Comment un utilisateur active Preferred Sources
L’accès passe par un compte Google :
- si l’utilisateur n’est pas connecté, Google affiche une incitation du type “Sign in to customize” près de Top Stories,
- si l’utilisateur est connecté, il peut ajouter des sources via un répertoire de préférences (“Source preferences”) ou via l’icône près du libellé Top Stories dans les résultats.
Google n’indique pas de limite stricte au nombre de sites qu’un utilisateur peut ajouter.

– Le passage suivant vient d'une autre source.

(* For any boolean function $f:\{0,1\}^n\to\{0,1\}$, \[ Q_E^{na}(f)=\min_{x\in\{0,1\}^n}\max_{y\in S_f^\perp} d(x,y), \] i.e.\ $Q_E^{na}(f)$ equals the covering radius of the binary linear code $S_f^\perp$.
   Context: Addition of bit strings is in $\mathbb Z_2^n$ (bitwise mod 2). $S_f:=\{z\in\{0,1\}^n: f(x)=f(x+z)\ \text{for all } x\}$, a subspace of $\mathbb F_2^n$. For a subspace $S$, $S^\perp=\{x: x\cdot s=0 \text{ for all } s\in S\}$, with $x\cdot s=\sum_i x_is_i \bmod 2$. $d(x,y)$ is the Hamming distance. Nonadaptive exact quantum query model: let $\mathcal H_{\rm in}$ have orthonormal basis $|0\rangle,\dots,|n\rangle$ and let the oracle $O_x$ act by $|i\rangle\mapsto(-1)^{x_i}|i\rangle$ with convention $x_0=0$. A nonadaptive quantum algorithm making $k$ queries consists of an input-independent state $|\psi\rangle\in\mathcal H_{\rm in}^{\otimes k}\otimes\mathcal H_{\rm work}$ (with $\mathcal H_{\rm work}$ a finite-dimensional workspace), to which $O_x^{\otimes k}\otimes I$ is applied, followed by an input-independent two-outcome measurement with outcomes labelled $0,1$. It computes $f$ exactly if for every $x$ the outcome is $f(x)$ with probability $1$. $Q_E^{na}(f)$ is the minimum such $k$. *)

theory Defs
  imports Complex_Main
begin

(* Bit strings of length n are bool lists of length n; bit i (1-based) of x is x ! (i-1). *)

definition xor_bits :: "bool list \<Rightarrow> bool list \<Rightarrow> bool list" where
  "xor_bits x z = map2 (\<noteq>) x z"

definition dot_bits :: "bool list \<Rightarrow> bool list \<Rightarrow> bool" where
  "dot_bits x s = odd (card {i. i < length x \<and> x ! i \<and> s ! i})"

definition hamming :: "bool list \<Rightarrow> bool list \<Rightarrow> nat" where
  "hamming x y = card {i. i < length x \<and> x ! i \<noteq> y ! i}"

definition bitstrings :: "nat \<Rightarrow> bool list set" where
  "bitstrings n = {x. length x = n}"

definition S_f :: "nat \<Rightarrow> (bool list \<Rightarrow> bool) \<Rightarrow> bool list set" where
  "S_f n f = {z \<in> bitstrings n. \<forall>x \<in> bitstrings n. f x = f (xor_bits x z)}"

definition perp :: "nat \<Rightarrow> bool list set \<Rightarrow> bool list set" where
  "perp n S = {x \<in> bitstrings n. \<forall>s \<in> S. \<not> dot_bits x s}"

definition covering_radius :: "nat \<Rightarrow> bool list set \<Rightarrow> nat" where
  "covering_radius n C = Min ((\<lambda>x. Max ((\<lambda>y. hamming x y) ` C)) ` bitstrings n)"

(* Oracle phase on basis state |i>, i \<in> {0..n}, convention x_0 = 0 *)
definition query_sign :: "bool list \<Rightarrow> nat \<Rightarrow> complex" where
  "query_sign x i = (if i = 0 then 1 else if x ! (i - 1) then -1 else 1)"

(* Orthonormal basis of H_in^{\<otimes>k} \<otimes> H_work, dim H_work = m:
   |i_1,...,i_k> \<otimes> |w>, with i_j \<in> {0..n}, w < m *)
definition basis_idx :: "nat \<Rightarrow> nat \<Rightarrow> nat \<Rightarrow> (nat list \<times> nat) set" where
  "basis_idx n k m = {(is, w). length is = k \<and> (\<forall>i \<in> set is. i \<le> n) \<and> w < m}"

definition cinner :: "'a set \<Rightarrow> ('a \<Rightarrow> complex) \<Rightarrow> ('a \<Rightarrow> complex) \<Rightarrow> complex" where
  "cinner A u v = (\<Sum>j\<in>A. cnj (u j) * v j)"

definition mat_app :: "'a set \<Rightarrow> ('a \<Rightarrow> 'a \<Rightarrow> complex) \<Rightarrow> ('a \<Rightarrow> complex) \<Rightarrow> ('a \<Rightarrow> complex)" where
  "mat_app A E v = (\<lambda>j. \<Sum>l\<in>A. E j l * v l)"

definition psd :: "'a set \<Rightarrow> ('a \<Rightarrow> 'a \<Rightarrow> complex) \<Rightarrow> bool" where
  "psd A E = (\<forall>v. Im (cinner A v (mat_app A E v)) = 0 \<and> Re (cinner A v (mat_app A E v)) \<ge> 0)"

(* O_x^{\<otimes>k} \<otimes> I applied to \<psi> *)
definition oracle_apply :: "bool list \<Rightarrow> (nat list \<times> nat \<Rightarrow> complex) \<Rightarrow> (nat list \<times> nat \<Rightarrow> complex)" where
  "oracle_apply x \<psi> = (\<lambda>(is, w). (\<Prod>i\<leftarrow>is. query_sign x i) * \<psi> (is, w))"

(* A k-query nonadaptive algorithm computing f exactly exists.  The two-outcome
   measurement is a general POVM {I - E, E}; E is the effect for outcome 1 (= True). *)
definition na_exact_computes :: "nat \<Rightarrow> (bool list \<Rightarrow> bool) \<Rightarrow> nat \<Rightarrow> bool" where
  "na_exact_computes n f k =
    (\<exists>m \<psi> E.
       let A = basis_idx n k m in
       cinner A \<psi> \<psi> = 1 \<and>
       psd A E \<and>
       psd A (\<lambda>j l. (if j = l then 1 else 0) - E j l) \<and>
       (\<forall>x \<in> bitstrings n.
          cinner A (oracle_apply x \<psi>) (mat_app A E (oracle_apply x \<psi>)) = (if f x then 1 else 0)))"

definition QE_na :: "nat \<Rightarrow> (bool list \<Rightarrow> bool) \<Rightarrow> nat" where
  "QE_na n f = (LEAST k. na_exact_computes n f k)"

end

theory Submission
  imports Defs
begin

(* Bit strings of length n are identified with subsets of {..<n} via their support;
   XOR becomes symmetric difference and the characters of this group are
   chi A B = (-1)^|A \<inter> B|.

   Lower bound: after k queries, the state O_x psi splits into basis states labelled by
   a query list whose parity set (coordinates queried an odd number of times) has at
   most k elements.  The inner products <O_x psi, O_y psi> are the Fourier transform of
   the resulting weight distribution on parity sets; exactness forces that transform to
   vanish outside the period group S_f, so the distribution is invariant under
   translation by the dual code.  Any parity set of positive weight is therefore a
   centre within distance k of every codeword.

   Upper bound: for a centre Y0 of radius r, query the sets Y0 \<oplus> c (c in the dual
   code) in uniform superposition.  The resulting states are orthogonal unless
   x \<oplus> y lies in S_f, and form a tight frame, so the effect
   (1/|S_f|) * sum over f x = 1 of |O_x psi><O_x psi| is a valid exact measurement. *)

section \<open>Bit strings as subsets of the index set\<close>

definition supp :: "bool list \<Rightarrow> nat set" where
  "supp x = {i. i < length x \<and> x ! i}"

definition bits_of :: "nat \<Rightarrow> nat set \<Rightarrow> bool list" where
  "bits_of n X = map (\<lambda>i. i \<in> X) [0..<n]"

lemma supp_subset: "x \<in> bitstrings n \<Longrightarrow> supp x \<subseteq> {..<n}"
  by (auto simp: supp_def bitstrings_def)

lemma finite_supp [simp]: "finite (supp x)"
  by (simp add: supp_def)

lemma bits_of_supp: "length x = n \<Longrightarrow> bits_of n (supp x) = x"
  by (auto simp: bits_of_def supp_def intro!: nth_equalityI)

lemma supp_bits_of: "X \<subseteq> {..<n} \<Longrightarrow> supp (bits_of n X) = X"
  by (auto simp: bits_of_def supp_def)

lemma length_bits_of [simp]: "length (bits_of n X) = n"
  by (simp add: bits_of_def)

lemma bits_of_in_bitstrings [simp]: "bits_of n X \<in> bitstrings n"
  by (simp add: bitstrings_def)

lemma bij_betw_supp: "bij_betw supp (bitstrings n) (Pow {..<n})"
proof (rule bij_betw_byWitness[where f' = "bits_of n"])
  show "supp ` bitstrings n \<subseteq> Pow {..<n}"
    using supp_subset by blast
qed (auto simp: bits_of_supp supp_bits_of bitstrings_def)

lemma supp_inj: "inj_on supp (bitstrings n)"
  using bij_betw_supp bij_betw_def by blast

lemma finite_bitstrings [simp]: "finite (bitstrings n)"
  using bij_betw_finite[OF bij_betw_supp] by simp

lemma sum_bitstrings: "(\<Sum>x\<in>bitstrings n. g (supp x)) = (\<Sum>X\<in>Pow {..<n}. g X)"
  using sum.reindex_bij_betw[OF bij_betw_supp] .

lemma supp_xor:
  "length x = length z \<Longrightarrow> supp (xor_bits x z) = sym_diff (supp x) (supp z)"
  by (auto simp: supp_def xor_bits_def)

lemma length_xor_bits [simp]: "length (xor_bits x z) = min (length x) (length z)"
  by (simp add: xor_bits_def)

lemma xor_in_bitstrings [simp]:
  "x \<in> bitstrings n \<Longrightarrow> z \<in> bitstrings n \<Longrightarrow> xor_bits x z \<in> bitstrings n"
  by (simp add: xor_bits_def bitstrings_def)

lemma hamming_supp: "length x = length y \<Longrightarrow> hamming x y = card (sym_diff (supp x) (supp y))"
  unfolding hamming_def supp_def by (rule arg_cong[where f = card]) auto

definition chi :: "nat set \<Rightarrow> nat set \<Rightarrow> real" where
  "chi A B = (-1) ^ card (A \<inter> B)"

lemma chi_comm: "chi A B = chi B A"
  by (simp add: chi_def Int_commute)

lemma chi_empty [simp]: "chi A {} = 1" "chi {} A = 1"
  by (simp_all add: chi_def)

lemma chi_cases: "chi A B = 1 \<or> chi A B = -1"
  by (simp add: chi_def minus_one_power_iff)

lemma chi_square [simp]: "chi A B * chi A B = 1"
  by (simp add: chi_def flip: power_add)

lemma dot_bits_chi: "length x = length s \<Longrightarrow> \<not> dot_bits x s \<longleftrightarrow> chi (supp x) (supp s) = 1"
proof -
  assume "length x = length s"
  then have "{i. i < length x \<and> x ! i \<and> s ! i} = supp x \<inter> supp s"
    by (auto simp: supp_def)
  then show ?thesis
    by (simp add: dot_bits_def chi_def minus_one_power_iff)
qed

lemma minus_one_power_card_sym_diff:
  assumes "finite P" "finite Q"
  shows "(-1::real) ^ card (sym_diff P Q) = (-1) ^ card P * (-1) ^ card Q"
proof -
  have "card P = card (P - Q) + card (P \<inter> Q)" "card Q = card (Q - P) + card (P \<inter> Q)"
    using assms card_Int_Diff[of P Q] card_Int_Diff[of Q P] by (simp_all add: Int_commute)
  moreover have "card (sym_diff P Q) = card (P - Q) + card (Q - P)"
    using assms by (intro card_Un_disjoint) auto
  ultimately show ?thesis
    by (simp add: power_add power_mult_distrib flip: power_mult)
qed

lemma chi_sym_diff:
  assumes "finite B" "finite C"
  shows "chi A (sym_diff B C) = chi A B * chi A C"
proof -
  have "A \<inter> sym_diff B C = sym_diff (A \<inter> B) (A \<inter> C)"
    by auto
  then show ?thesis
    using assms by (simp add: chi_def minus_one_power_card_sym_diff)
qed

lemma chi_sym_diff_left: "finite B \<Longrightarrow> finite C \<Longrightarrow> chi (sym_diff B C) A = chi B A * chi C A"
  by (simp add: chi_comm chi_sym_diff)

section \<open>Subgroups, dual subgroups and character sums\<close>

definition sd_subgroup :: "nat set \<Rightarrow> nat set set \<Rightarrow> bool" where
  "sd_subgroup N G \<longleftrightarrow> G \<subseteq> Pow N \<and> {} \<in> G \<and> (\<forall>A\<in>G. \<forall>B\<in>G. sym_diff A B \<in> G)"

definition dual :: "nat set \<Rightarrow> nat set set \<Rightarrow> nat set set" where
  "dual N G = {Y \<in> Pow N. \<forall>W\<in>G. chi W Y = 1}"

lemma sd_subgroup_Pow: "sd_subgroup N (Pow N)"
  by (auto simp: sd_subgroup_def)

Ce que les éditeurs peuvent faire pour favoriser l’adoption
Preferred Sources dépend d’un geste explicite du lecteur. Les tactiques observées dans la communauté éditoriale sont classiques :
- un article “mode d’emploi” sur le site,
- un rappel dans une newsletter,
- un post dédié sur les réseaux sociaux, avec un lien et une consigne simple,
- un bouton “Add/Follow” ou un lien vers la page de préférences, dans un template article ou dans le footer.
Ce que Google permet de mesurer, et ce qui manque
À ce stade, Google ne fournit pas de tableau de bord qui indique :
- combien d’utilisateurs ont choisi un site en source préférée,
- combien d’impressions ou de clics proviennent du module “From your sources”.
Dans les échanges publics sur le sujet, Google a indiqué regarder la question.
En pratique, un éditeur peut surtout suivre :
- les clics sur ses liens ou boutons qui renvoient vers l’ajout en source préférée,
- des tendances globales sur le trafic Search (sans attribution spécifique à Preferred Sources).
L’avis de Position Zéro
Preferred Sources ne se résume pas à une fonctionnalité de plus. Elle s’inscrit dans une évolution plus large de Google Search vers davantage de personnalisation des surfaces d’actualité, avec un rôle plus direct donné aux préférences des utilisateurs.
Pour les SEO et les éditeurs, l’intérêt est surtout stratégique. Même si le périmètre linguistique évolue progressivement, cette orientation éclaire la trajectoire prise par Google à moyen terme et invite à renforcer dès maintenant les signaux de préférence explicite ainsi que la relation directe avec la marque.